Pathogens may infect the foliage through stomata. The stomata are very much sensitive to environmental changes. The stomatal size and frequency are reduced in dry and polluted air and these changes can be criteria for determining air pollution. Thus stomatal characterisctics of certain fern taxa can be used as biomonitors of air-pollution.
Salt glands store salts which may be exuded by guttation flow. These glands play an important role in the regulation of mineral contents of plants. They occur in the epidermis of several angiospermic families like Plumbaginaceae, Tamariaceae, Acanthaceae, Chenopodiaceae, Primulaceae, and Gramineae etc. They predominantly occur in mangrove plants (e.g., Avicennia, Aegiceras etc.).
In contrast to epithem hydathodes these glands have no direct connection with the vascular elements and do not possess water pores. Salt glands may be two-celled (e.g., Spartina) or many-celled (e.g., Acanthus, Aegiceras etc.). In Artiplex the salt glands have unicellular or multicellular hairs with head bladder cell.
Function of Epidermis:
1. The thickly cuticularised epidermis gives protection to the inner tissues from different external forces and gives resistance to insect and pathogen attack.
2. Thick cuticle prevents plants from desiccation.

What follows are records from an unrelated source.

lemma segs_Node_left: "segs i a = {s \<in> segs i (Node a b). s \<subseteq> {i..i + leaves a}}"
  using segs_subset[of _ i a] segs_elem[of _ "i + leaves a" b] leaves_ge_1[of b] by fastforce

lemma segs_Node_right:
  "segs (i + leaves a) b = {s \<in> segs i (Node a b). s \<subseteq> {i + leaves a..i + leaves (Node a b)}}"
  using segs_subset[of _ "i + leaves a" b] segs_elem[of _ i a] leaves_ge_1[of a] by fastforce

text \<open>The root split is recovered from the segments as the largest \<open>v\<close> below the right end with
  \<open>{i, v}\<close> a segment.\<close>

lemma segs_Node_split_max:
  assumes "{i, v} \<in> segs i (Node a b)" and "v < i + leaves (Node a b)"
  shows "v \<le> i + leaves a"
proof -
  have "{i, v} \<in> segs i a \<or> {i, v} \<in> segs (i + leaves a) b"
    using assms by (auto simp: doubleton_eq_iff)
  then show ?thesis
    using segs_subset[of "{i, v}" i a] segs_subset[of "{i, v}" "i + leaves a" b] leaves_ge_1[of a]
    by auto
qed

lemma segs_inj: "segs i t = segs i t' \<Longrightarrow> leaves t = leaves t' \<Longrightarrow> t = t'"
proof (induction t arbitrary: i t')
  case Leaf
  show ?case
  proof (cases t')
    case (Node x y)
    then show ?thesis using Leaf.prems(2) leaves_ge_1[of x] leaves_ge_1[of y] by simp
  qed simp
next
  case (Node a b)
  then obtain a' b' where t': "t' = Node a' b'"
    using leaves_ge_1[of a] leaves_ge_1[of b] by (cases t') auto
  have segs_eq: "segs i (Node a b) = segs i (Node a' b')"
    and leaves_eq: "leaves (Node a b) = leaves (Node a' b')"
    using Node.prems t' by simp_all
  have "i + leaves a \<le> i + leaves a'"
  proof (rule segs_Node_split_max)
    show "{i, i + leaves a} \<in> segs i (Node a' b')"
      using root_in_segs[of i a] segs_eq[symmetric] by simp
    show "i + leaves a < i + leaves (Node a' b')"
      using leaves_ge_1[of b] leaves_eq[symmetric] by simp
  qed
  moreover have "i + leaves a' \<le> i + leaves a"
  proof (rule segs_Node_split_max)
    show "{i, i + leaves a'} \<in> segs i (Node a b)"
      using root_in_segs[of i a'] segs_eq by simp
    show "i + leaves a' < i + leaves (Node a b)"
      using leaves_ge_1[of b'] leaves_eq by simp
  qed
  ultimately have la: "leaves a = leaves a'" by simp
  have "segs i a = {s \<in> segs i (Node a b). s \<subseteq> {i..i + leaves a}}"
    by (rule segs_Node_left)
  also have "\<dots> = segs i a'"
    using segs_Node_left[of i a' b'] segs_eq la by simp
  finally have "a = a'" using Node.IH(1) la by blast
  have "segs (i + leaves a) b = {s \<in> segs i (Node a b). s \<subseteq> {i + leaves a..i + leaves (Node a b)}}"
    by (rule segs_Node_right)
  also have "\<dots> = segs (i + leaves a) b'"
    using segs_Node_right[of i a' b'] segs_eq leaves_eq la by simp
  finally have "b = b'" using Node.IH(2) la leaves_eq by simp
  with \<open>a = a'\<close> show ?case using t' by simp
qed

3. The specialised bulliform cells of the epidermis help in water storage, unrolling of developing leaves and the opening and closing movements of mature leaves.
4. Velamen of orchid root and epiblema with root hairs help in absorption.
5. The epidermis, in some cases, store water and unwanted materials (salt glands) and food.
6. The wax deposition, suberisation, cutinisation etc. are the processes of secretion done by the epidermis.
7. The epidermal cells perform the function of perception of external stimuli and respond accordingly.